GRANITE POINT MORTGAGE TRUST INC.
Notes to the Condensed Consolidated Financial Statements (unaudited)
Note 1. Organization and Operations
Granite Point Mortgage Trust Inc., or the Company, is a Maryland corporation that focuses primarily on directly originating, investing in and managing senior floating-rate commercial mortgage loans and other debt and debt-like commercial real estate investments. The Company is externally managed by Pine River Capital Management L.P., or the Manager. The Company’s common stock is listed on the New York Stock Exchange, or NYSE, under the symbol “GPMT”.
The Company was incorporated on April 7, 2017 and commenced operations as a publicly traded company on June 28, 2017, upon completion of an initial public offering, or the IPO. Concurrently with the closing of the IPO, the Company completed a formation transaction, or the Formation Transaction, pursuant to which the Company acquired the equity interests in TH Commercial Holdings LLC, or the Predecessor, from Two Harbors Investment Corp., or Two Harbors, a publicly traded hybrid mortgage real estate investment trust (NYSE: TWO). In exchange, the Company issued 33,071,000 shares of its common stock, representing approximately 76.5% of its outstanding common stock after the IPO, and 1,000 shares of its 10% cumulative redeemable preferred stock to Two Harbors. Upon the completion of the Formation Transaction, the Predecessor became the Company’s wholly owned indirect subsidiary. On November 1, 2017, Two Harbors distributed to its common stockholders the 33,071,000 shares of the Company’s common stock it had acquired in connection with the Formation Transaction, allowing the Company’s market capitalization to be fully floating.
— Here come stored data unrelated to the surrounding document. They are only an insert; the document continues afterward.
lemma supporting_dual_functional:
  assumes "g v = 1" obtains p where "dual_gauge g p = 1" "p \<bullet> v = 1"
proof -
  have closure: "closure B = B" using compact_imp_closed[OF compact] by simp
  have rel_interior: "rel_interior B = interior B"
    using zero_in_interior rel_interior_nonempty_interior by blast
  have "v \<in> closure B" "v \<notin> rel_interior B"
    using assms mem_iff_gauge_le_one gauge_eq_one_not_interior closure rel_interior by auto
  then obtain a where supp: "\<And>y. y \<in> closure B \<Longrightarrow> a \<bullet> v \<le> a \<bullet> y"
    and strict: "\<And>y. y \<in> rel_interior B \<Longrightarrow> a \<bullet> v < a \<bullet> y"
    using supporting_hyperplane_relative_frontier[OF convex] by metis
  have a: "\<And>y. y \<in> B \<Longrightarrow> a \<bullet> v \<le> a \<bullet> y" "a \<bullet> v < 0"
    using supp closure strict[of 0] zero_in_interior rel_interior by auto
  define p where "p = (1 / (a \<bullet> v)) *\<^sub>R a"
  have "p \<bullet> y \<le> 1" if "g y = 1" for y
    using a(1)[of y] a(2) that mem_iff_gauge_le_one by (simp add: p_def divide_le_eq)
  moreover have "p \<bullet> v = 1" using a(2) by (simp add: p_def)
  ultimately show ?thesis using that dual_gauge_eq_oneI assms by blast
qed

lemma scaled_subdiff_subset_iff:
  assumes gv: "g v = 1"
  shows "(\<lambda>p. (- (1 / skewness g)) *\<^sub>R p) ` gauge_subdiff g v \<subseteq> gauge_subdiff g (- v)
    \<longleftrightarrow> skewness g * g (- v) = 1" (is "?incl \<longleftrightarrow> _")
proof -
  let ?\<sigma> = "skewness g"
  have \<sigma>: "0 < ?\<sigma>" by (rule skewness_pos)
  have "v \<noteq> 0" using gv by auto
  then have subdiff_v: "gauge_subdiff g v = {p. dual_gauge g p = 1 \<and> p \<bullet> v = 1}"
    and subdiff_minus_v: "gauge_subdiff g (- v) = {q. dual_gauge g q = 1 \<and> q \<bullet> (- v) = g (- v)}"
    using gv by (simp_all add: gauge_subdiff_def)
  show ?thesis
  proof
    assume ?incl
    obtain p where "dual_gauge g p = 1" "p \<bullet> v = 1" using supporting_dual_functional[OF gv] .
    then have "(- (1 / ?\<sigma>)) *\<^sub>R p \<in> gauge_subdiff g (- v)"
      using \<open>?incl\<close> subdiff_v by blast
    then have "g (- v) = 1 / ?\<sigma>" using subdiff_minus_v \<open>p \<bullet> v = 1\<close> by simp
    then show "?\<sigma> * g (- v) = 1" using \<sigma> by simp
  next
    assume \<sigma>_v: "?\<sigma> * g (- v) = 1"
    show ?incl
    proof (rule image_subsetI)
      fix p assume "p \<in> gauge_subdiff g v"
      then have p: "dual_gauge g p = 1" "p \<bullet> v = 1" using subdiff_v by auto
      let ?q = "(- (1 / ?\<sigma>)) *\<^sub>R p"
      have "?q \<bullet> x \<le> 1" if "g x = 1" for x
      proof -
        have "p \<bullet> (- x) \<le> g (- x)" using inner_le_dual_gauge_mult[of p "- x"] p by simp
        also have "\<dots> \<le> ?\<sigma>" using gauge_le_skewness_mult[of "- x"] that by simp
        finally show ?thesis using \<sigma> by (simp add: field_simps)
      qed
      moreover have "g (?\<sigma> *\<^sub>R (- v)) = 1" using gauge_scaleR[OF \<sigma>, of "- v"] \<sigma>_v by (simp only:)
      moreover have "?q \<bullet> (?\<sigma> *\<^sub>R (- v)) = 1" using \<sigma> p by simp
      ultimately have "dual_gauge g ?q = 1" by (rule dual_gauge_eq_oneI)
      moreover have "?q \<bullet> (- v) = g (- v)" using p \<sigma>_v \<sigma> by (simp add: field_simps)
      ultimately show "?q \<in> gauge_subdiff g (- v)" using subdiff_minus_v by simp
    qed
  qed
qed

end

theorem mainTheorem1:
  fixes g :: "'a::euclidean_space \<Rightarrow> real" and v :: 'a
  assumes "is_gauge g"
    and "g v = 1"
  shows "v \<in> skew_dirs g \<longleftrightarrow>
    (\<lambda>p. (- (1 / skewness g)) *\<^sub>R p) ` gauge_subdiff g v \<subseteq> gauge_subdiff g (- v)"
proof -
  obtain B where "convex B" "compact B" "0 \<in> interior B" "g = minkowski_functional B"
    using assms(1) unfolding is_gauge_def by blast
  then interpret minkowski_gauge B g by unfold_locales
  show ?thesis
    using scaled_subdiff_subset_iff[OF assms(2)] assms(2) by (auto simp: skew_dirs_def)
qed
The Company has elected to be treated as a real estate investment trust, or REIT, as defined under the Internal Revenue Code of 1986, as amended, or the Code, for U.S. federal income tax purposes. As long as the Company continues to comply with a number of requirements under federal tax law and maintains its qualification as a REIT, the Company generally will not be subject to U.S. federal income taxes to the extent that the Company distributes its taxable income to its stockholders on an annual basis and does not engage in prohibited transactions. However, certain activities that the Company may perform may cause it to earn income which will not be qualifying income for REIT purposes. The Company has designated one of its subsidiaries as a taxable REIT subsidiary, or TRS, as defined in the Code, to engage in such activities.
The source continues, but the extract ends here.